# Visa Confusions for USA for Singaporean



## Hermes (Jan 23, 2009)

Hi all,

I am a Singaporean that is interested in working in the States for a international hotel company headquartered in the USA. 

It would be my first visit to USA and I'm not too sure what kind of visa would I be required to apply for. 

Also, would the process be a difficult and lengthy one?

I would appreciate advices and comments and thank you in advance!

Cheers,
Hermes


----------



## Bevdeforges (Nov 16, 2007)

Before you can apply for any visa for the US, you need a "petitioner" - someone to sponsor your visa application. If you already have a job lined up with the international hotel company, it's their job to file a petition for you and once that's done, you can then apply for a visa. The type of visa will depend to a large extent on the type of job you have been offered.

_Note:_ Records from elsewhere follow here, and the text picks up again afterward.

lemma mixture_contrast_ge_average:
  fixes a b y1 y2 y3 y4 :: real
  assumes "1/2 \<le> a" "a \<le> b" "b < 1" "0 \<le> y4 - y3" "y4 - y3 \<le> y1 - y2"
  shows "(y1 + y2 - y3 - y4) / 2 \<le> wavg a (1 - b) y1 y2 - wavg (1 - a) b y3 y4"
proof -
  define w where "w = a / (a + (1 - b))"
  define z where "z = (1 - a) / ((1 - a) + b)"
  have "1/2 \<le> w"
    using frac_le_frac_iff[of 1 1 a "1 - b"] assms by (simp add: w_def)
  moreover have "1 - w \<le> z"
    using frac_le_frac_iff[of "1 - b" a "1 - a" b] one_minus_frac[of a "1 - b"]
      bernoulli_variance_antimono[of a b] assms
    by (simp add: w_def z_def algebra_simps)
  ultimately have "0 \<le> (w - 1/2) * (y1 - y2) + (z - 1/2) * (y4 - y3)"
    using weighted_sum_nonneg assms by simp
  moreover have "wavg a (1 - b) y1 y2 = y2 + w * (y1 - y2)"
    "wavg (1 - a) b y3 y4 = y4 + z * (y3 - y4)"
    using assms by (simp_all add: wavg_eq w_def z_def)
  ultimately show ?thesis by (simp add: algebra_simps add_divide_distrib diff_divide_distrib)
qed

Unless you have worked for this company before, chances are your looking at an H1B visa, and for that there is a lottery.
Cheers,
Bev


----------



## Fatbrit (May 8, 2008)

Bevdeforges said:


> Unless you have worked for this company before, chances are your looking at an H1B visa, and for that there is a lottery.

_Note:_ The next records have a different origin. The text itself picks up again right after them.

theorem corollary3p7:
  fixes \<Omega> :: "'a::euclidean_space set"
    and M :: "nat \<Rightarrow> 'w measure"
    and X :: "nat \<Rightarrow> 'w \<Rightarrow> 'a \<Rightarrow> real"
    and \<epsilon> :: "nat \<Rightarrow> real"
    and g :: "'a \<Rightarrow> 'a \<Rightarrow> real"
  assumes dom: "open \<Omega>" "bounded \<Omega>" "\<Omega> \<noteq> {}" "simply_connected \<Omega>" "smooth_boundary \<Omega>"
    and prob: "\<And>N. prob_space (M N)"
    and meas: "\<And>N. (\<lambda>(\<omega>, x). X N \<omega> x) \<in> borel_measurable (M N \<Otimes>\<^sub>M borel)"
    and integ: "\<And>N \<omega>. \<omega> \<in> space (M N) \<Longrightarrow> set_integrable lborel \<Omega> (X N \<omega>)"
    and bdd: "\<And>N \<omega>. \<omega> \<in> space (M N) \<Longrightarrow> \<exists>B. \<forall>x\<in>\<Omega>. X N \<omega> x \<le> B"
    and usc: "\<And>N \<omega>. \<omega> \<in> space (M N) \<Longrightarrow> upper_semicontinuous_on \<Omega> (X N \<omega>)"
    and g_cont: "continuous_on (\<Omega> \<times> \<Omega>) (\<lambda>(x, y). g x y)"
    and g_bdd: "\<exists>B. \<forall>x\<in>\<Omega>. \<forall>y\<in>\<Omega>. g x y \<le> B"
    and g_L2: "set_integrable (lborel \<Otimes>\<^sub>M lborel) (\<Omega> \<times> \<Omega>) (\<lambda>(x, y). (g x y)\<^sup>2)"
    and gauss: "\<And>f. smooth_on f UNIV \<Longrightarrow> compact (closure {x. f x \<noteq> 0}) \<Longrightarrow> closure {x. f x \<noteq> 0} \<subseteq> \<Omega> \<Longrightarrow>
        weak_conv_m (\<lambda>N. distr (M N) borel (\<lambda>\<omega>. LINT x:\<Omega>|lborel. f x * X N \<omega> x))
          (gaussian_law (LINT x:\<Omega>|lborel. LINT y:\<Omega>|lborel.
              f x * f y * (ln (1 / dist x y) + g x y)))"
    and E_pos: "\<And>N. \<epsilon> N > 0"
    and E_lim: "\<epsilon> \<longlonglongrightarrow> 0"
    and E_upper: "\<And>\<gamma>. \<gamma> > 0 \<Longrightarrow> \<exists>R. \<forall>N. \<forall>x\<in>\<Omega>.
        integrable (M N) (\<lambda>\<omega>. exp (\<gamma> * X N \<omega> x)) \<and>
        (\<integral>\<omega>. exp (\<gamma> * X N \<omega> x) \<partial>M N) \<le> R * \<epsilon> N powr (- \<gamma>\<^sup>2 / 2)"
    and E_lower: "\<And>\<gamma> A. \<gamma> > 0 \<Longrightarrow> compact A \<Longrightarrow> A \<subseteq> \<Omega> \<Longrightarrow> \<exists>C>0. \<forall>N. \<forall>x\<in>A.
        (\<integral>\<omega>. exp (\<gamma> * X N \<omega> x) \<partial>M N) \<ge> (1 / C) * \<epsilon> N powr (- \<gamma>\<^sup>2 / 2)"
    and M_cond: "\<And>\<gamma> A. 0 < \<gamma> \<Longrightarrow> \<gamma> < sqrt (2 * DIM('a)) \<Longrightarrow> A \<in> sets borel \<Longrightarrow>
        A \<subseteq> \<Omega> \<Longrightarrow> emeasure lborel A > 0 \<Longrightarrow>
        \<exists>\<zeta>::real measure. prob_space \<zeta> \<and> sets \<zeta> = sets borel \<and>
          measure \<zeta> {0<..} = 1 \<and>
          weak_conv_m (\<lambda>N. distr (M N) borel (gmc M X N \<gamma> A)) \<zeta>"
    and T_cond: "\<And>\<alpha>. \<alpha> > sqrt (2 * DIM('a)) \<Longrightarrow>
        outer_prob_to_zero M (\<lambda>N. {\<omega>\<in>space (M N). thick_points X \<epsilon> \<Omega> N \<alpha> \<omega> \<noteq> {}})"
  shows "\<forall>\<delta>>0. outer_prob_to_zero M (\<lambda>N. {\<omega>\<in>space (M N).
            \<bar>(SUP x\<in>\<Omega>. X N \<omega> x) / ln (1 / \<epsilon> N) - sqrt (2 * DIM('a))\<bar> > \<delta>})"
proof (intro allI impI)
  fix \<delta> :: real assume "0 < \<delta>"
  let ?\<gamma> = "sqrt (2 * DIM('a))"
  have thick: "outer_prob_to_zero M (\<lambda>N. {\<omega>\<in>space (M N). thick_points X \<epsilon> \<Omega> N (?\<gamma> + \<delta>) \<omega> \<noteq> {}})"
    using \<open>0 < \<delta>\<close> by (intro T_cond) simp
  have subcritical: "?\<gamma> - \<delta> < ?\<gamma>"
    using \<open>0 < \<delta>\<close> by simp
  have low: "outer_prob_to_zero M
      (\<lambda>N. {\<omega>\<in>space (M N). \<forall>x\<in>\<Omega>. X N \<omega> x \<le> (?\<gamma> - \<delta>) * ln (1 / \<epsilon> N)})"
    by (rule outer_prob_to_zero_field_below_subcritical[OF dom(1,3) prob meas E_pos E_lim])
      (fact E_upper E_lower M_cond subcritical)+
  have "\<forall>\<^sub>F N in sequentially. \<epsilon> N < 1"
    using E_lim by (rule order_tendstoD) simp
  then have "\<forall>\<^sub>F N in sequentially.
      {\<omega>\<in>space (M N). \<bar>(SUP x\<in>\<Omega>. X N \<omega> x) / ln (1 / \<epsilon> N) - ?\<gamma>\<bar> > \<delta>}
      \<subseteq> {\<omega>\<in>space (M N). thick_points X \<epsilon> \<Omega> N (?\<gamma> + \<delta>) \<omega> \<noteq> {}}
        \<union> {\<omega>\<in>space (M N). \<forall>x\<in>\<Omega>. X N \<omega> x \<le> (?\<gamma> - \<delta>) * ln (1 / \<epsilon> N)}"
    by eventually_elim (rule sup_deviation_subset[OF dom(3) bdd E_pos])
  then show "outer_prob_to_zero M (\<lambda>N. {\<omega>\<in>space (M N).
      \<bar>(SUP x\<in>\<Omega>. X N \<omega> x) / ln (1 / \<epsilon> N) - ?\<gamma>\<bar> > \<delta>})"
    by (intro outer_prob_to_zero_mono[OF prob_space.finite_measure[OF prob] _
          outer_prob_to_zero_Un[OF thick low]]) auto
qed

Not so much for nationals of Singapore (or Chile). AFAIK, they have their own quota of H1bs known as the H1b1. But we do not know yet whether the OP will qualify for an H1b position. If he does, there is no lottery.

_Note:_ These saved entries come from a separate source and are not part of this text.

lemma mult_MP_inverse_of_group_inverse:
  assumes B: "is_MP_inverse st a b" and G: "is_group_inverse a g"
  shows "g * (b*a*a*a*b) = a*b" "(b*a*a*a*b) * g = b*a"
proof -
  note g = is_group_inverse_mult_self[OF G] and fix_g = MP_projections_fix_group_inverse[OF B G]
  have "g * (b*a*a*a*b) = (g*b*a)*a*a*b" by (simp only: mult.assoc)
  also have "\<dots> = g*a*a*b" by (simp only: fix_g(2))
  finally show "g * (b*a*a*a*b) = a*b" by (simp only: g(2))
  have "(b*a*a*a*b) * g = b*a*a*(a*b*g)" by (simp only: mult.assoc)
  also have "\<dots> = b*a*a*g" by (simp only: fix_g(1))
  also have "\<dots> = b*(a*a*g)" by (simp only: mult.assoc)
  finally show "(b*a*a*a*b) * g = b*a" by (simp only: g(1))
qed

lemma is_MP_inverse_group_inverse:
  assumes B: "is_MP_inverse st a b" and G: "is_group_inverse a g"
  shows "is_MP_inverse st g (b*a*a*a*b)"
proof -
  note gy = mult_MP_inverse_of_group_inverse(1)[OF B G]
   and yg = mult_MP_inverse_of_group_inverse(2)[OF B G]
  from B have b2: "b*a*b = b" and b3: "st (a*b) = a*b" and b4: "st (b*a) = b*a"
    by (auto simp: is_MP_inverse_def)
  have "g*(b*a*a*a*b)*g = g"
    using gy MP_projections_fix_group_inverse(1)[OF B G] by simp
  moreover have "(b*a*a*a*b)*g*(b*a*a*a*b) = b*a*a*a*b"
  proof -
    have "(b*a*a*a*b)*g*(b*a*a*a*b) = (b*a)*(b*a*a*a*b)" by (simp only: yg)
    also have "\<dots> = (b*a*b)*a*a*a*b" by (simp only: mult.assoc)
    finally show ?thesis by (simp only: b2)
  qed
  ultimately show ?thesis
    using gy yg b3 b4 by (simp add: is_MP_inverse_def)
qed

locale ring_with_involution =
  fixes st :: "'a::ring_1 \<Rightarrow> 'a"
  assumes involution: "involution st"
begin

lemma st_st [simp]: "st (st x) = x"
  using involution by (simp add: involution_def)

lemma st_mult: "st (x * y) = st y * st x"
  using involution by (simp add: involution_def)

lemma is_MP_inverse_unique:
  assumes B: "is_MP_inverse st a b" and C: "is_MP_inverse st a c"
  shows "b = c"
proof -
  from B have b1: "a*b*a = a" and b2: "b*a*b = b" and b3: "st (a*b) = a*b" and b4: "st (b*a) = b*a"
    by (auto simp: is_MP_inverse_def)
  from C have c1: "a*c*a = a" and c2: "c*a*c = c" and c3: "st (a*c) = a*c" and c4: "st (c*a) = c*a"
    by (auto simp: is_MP_inverse_def)
  have ab: "a*b = a*c"
  proof -
    have "a*b = st ((a*c*a)*b)" using b3 c1 by simp
    also have "\<dots> = st (a*b) * st (a*c)" by (simp only: st_mult mult.assoc)
    also have "\<dots> = (a*b*a)*c" using b3 c3 by (simp only: mult.assoc)
    finally show ?thesis using b1 by simp
  qed
  have ba: "b*a = c*a"
  proof -
    have "b*a = st (b*(a*c*a))" using b4 c1 by simp
    also have "\<dots> = st (c*a) * st (b*a)" by (simp only: st_mult mult.assoc)
    also have "\<dots> = c*(a*b*a)" using b4 c4 by (simp only: mult.assoc)
    finally show ?thesis using b1 by simp
  qed
  have "b = b*(a*c)" using b2 ab by (simp only: mult.assoc)
  also have "\<dots> = (b*a)*c" by (simp only: mult.assoc)
  also have "\<dots> = (c*a)*c" by (simp only: ba)
  also have "\<dots> = c" using c2 by simp
  finally show ?thesis .
qed

lemma MP_inv_eqI: "is_MP_inverse st a b \<Longrightarrow> MP_inv st a = b"
  unfolding MP_inv_def using is_MP_inverse_unique by blast

lemma is_MP_inverse_st:
  assumes "is_MP_inverse st a b"
  shows "is_MP_inverse st (st a) (st b)"
proof -
  from assms have b1: "a*b*a = a" and b2: "b*a*b = b" and b3: "st (a*b) = a*b" and b4: "st (b*a) = b*a"
    by (auto simp: is_MP_inverse_def)
  have "st a * st b * st a = st (a*b*a)" "st b * st a * st b = st (b*a*b)"
    by (simp_all only: st_mult mult.assoc)
  moreover have "st a * st b = b * a" "st b * st a = a * b"
    using b3 b4 by (simp_all only: st_mult)
  ultimately show ?thesis
    using b1 b2 b3 b4 by (simp add: is_MP_inverse_def)
qed

lemma MP_inverse_absorb_st:
  assumes "is_MP_inverse st a b"
  shows "st a * a * b = st a" "b * a * st a = st a" "b * st b * st a = b"
proof -
  from assms have b1: "a*b*a = a" and b2: "b*a*b = b" and b3: "st (a*b) = a*b" and b4: "st (b*a) = b*a"
    by (auto simp: is_MP_inverse_def)
  have "st a * a * b = st a * st (a*b)" using b3 by (simp only: mult.assoc)
  also have "\<dots> = st (a*b*a)" by (simp only: st_mult)
  finally show "st a * a * b = st a" using b1 by simp
  have "b * a * st a = st (b*a) * st a" using b4 by simp
  also have "\<dots> = st (a*(b*a))" by (simp only: st_mult)
  finally show "b * a * st a = st a" using b1 by (simp only: mult.assoc)
  have "b * st b * st a = b * st (a*b)" by (simp only: st_mult mult.assoc)
  also have "\<dots> = b*a*b" using b3 by (simp only: mult.assoc)
  finally show "b * st b * st a = b" using b2 by simp
qed

lemma MP_inverse_mult_eq_0_iff:
  assumes "is_MP_inverse st a b"
  shows "b * u = 0 \<longleftrightarrow> st a * u = 0"
proof -
  note absorb = MP_inverse_absorb_st[OF assms]
  have "st a * u = st a * a * (b * u)" using absorb(1) by (simp flip: mult.assoc)
  moreover have "b * u = b * st b * (st a * u)" using absorb(3) by (simp flip: mult.assoc)
  ultimately show ?thesis by auto
qed

lemma MP_inverse_mult_eq_0_if_mult_st:
  assumes B: "is_MP_inverse st a b" and "a * st a * u = 0"
  shows "b * u = 0"
proof -
  have "st a * u = b * (a * st a * u)"
    using MP_inverse_absorb_st(2)[OF B] by (simp flip: mult.assoc)
  then show ?thesis using assms(2) MP_inverse_mult_eq_0_iff[OF B] by simp
qed

lemma MP_inverse_mult_eq_0_if_square:
  assumes B: "is_MP_inverse st a b" and G: "is_group_inverse a g" and "b * b * u = 0"
  shows "b * u = 0"
proof -
  have "b = st a * st b * b"
    using B by (simp add: is_MP_inverse_def flip: st_mult)
  also have "\<dots> = st (a * a * g) * st b * b"
    using is_group_inverse_mult_self(1)[OF G] by simp
  also have "\<dots> = st g * st a * (st a * st b * b)"
    by (simp only: st_mult mult.assoc)
  finally have "b = st g * st a * b"
    using B by (simp add: is_MP_inverse_def flip: st_mult)
  moreover have "st a * (b * u) = 0"
    using assms(3) MP_inverse_mult_eq_0_iff[OF B, of "b * u"] by (simp add: mult.assoc)
  ultimately show ?thesis
    by (metis mult.assoc mult_zero_right)
qed

lemma group_inverse_eq_MP_inverse:
  assumes B: "is_MP_inverse st a b" and G: "is_group_inverse a g" and "a * a * b = a"
  shows "g = b"
proof -
  from B have b1: "a*b*a = a" and b2: "b*a*b = b" and b3: "st (a*b) = a*b" and b4: "st (b*a) = b*a"
    by (auto simp: is_MP_inverse_def)
  have ga: "g*a = a*b"
  proof -
    have "g*a = (g*a*a)*b" using assms(3) by (simp only: mult.assoc)
    then show ?thesis by (simp only: is_group_inverse_mult_self(2)[OF G])
  qed
  have st_ga: "st (g*a) = g*a" using ga b3 by simp
  have "g*a = st (g*a*(b*a))" using st_ga b1 by (simp add: mult.assoc)
  also have "\<dots> = b*a*(g*a)" using st_ga b4 by (simp add: st_mult)
  also have "\<dots> = b*a" using G by (simp add: is_group_inverse_def mult.assoc)
  finally have "a*b = b*a" using ga by simp
  then have "is_group_inverse a b" using b1 b2 by (simp add: is_group_inverse_def)
  then show ?thesis using G is_group_inverse_unique by blast
qed

lemma st_eq_MP_inverse_if_projection:
  assumes B: "is_MP_inverse st a b" and "projection st (a * st a)"
  shows "b = st a"
proof -
  have "a * st a * (a * st a - 1) = 0"
    using assms(2) by (simp add: projection_def algebra_simps)
  then have "st a * (a * st a - 1) = 0"
    using MP_inverse_mult_eq_0_if_mult_st[OF B] MP_inverse_mult_eq_0_iff[OF B] by blast
  then have sas: "st a * a * st a = st a"
    by (simp add: algebra_simps)
  then have "a * st a * a = a"
    by (metis st_mult st_st mult.assoc)
  then have "is_MP_inverse st a (st a)"
    using sas by (simp add: is_MP_inverse_def st_mult)
  then show ?thesis using is_MP_inverse_unique[OF B] by blast
qed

USSFTA Visas (H1B1) - U.S. Embassy Singapore


----------



## Hermes (Jan 23, 2009)

Thank you Bevdeforges & Fatbrit for your responsive replies!

It's been a great help. At least I know that the visa that I would be looking at is the H1B1 Visa.

However, could you guys help explain further regarding the lottery system? It sounds refreshing, maybe because I have yet to hear of such a similar system elsewhere. 

Is there a bidding system involved, like that of an auction? Or is it just plain lady luck?

Hermes


----------



## synthia (Apr 18, 2007)

The lotteries are just that, lotteries, not auctions. You want to avoid the lottery if possible.


----------



## Hermes (Jan 23, 2009)

synthia said:


> The lotteries are just that, lotteries, not auctions. You want to avoid the lottery if possible.


Ok. Got it. Thanks for clarifying.


----------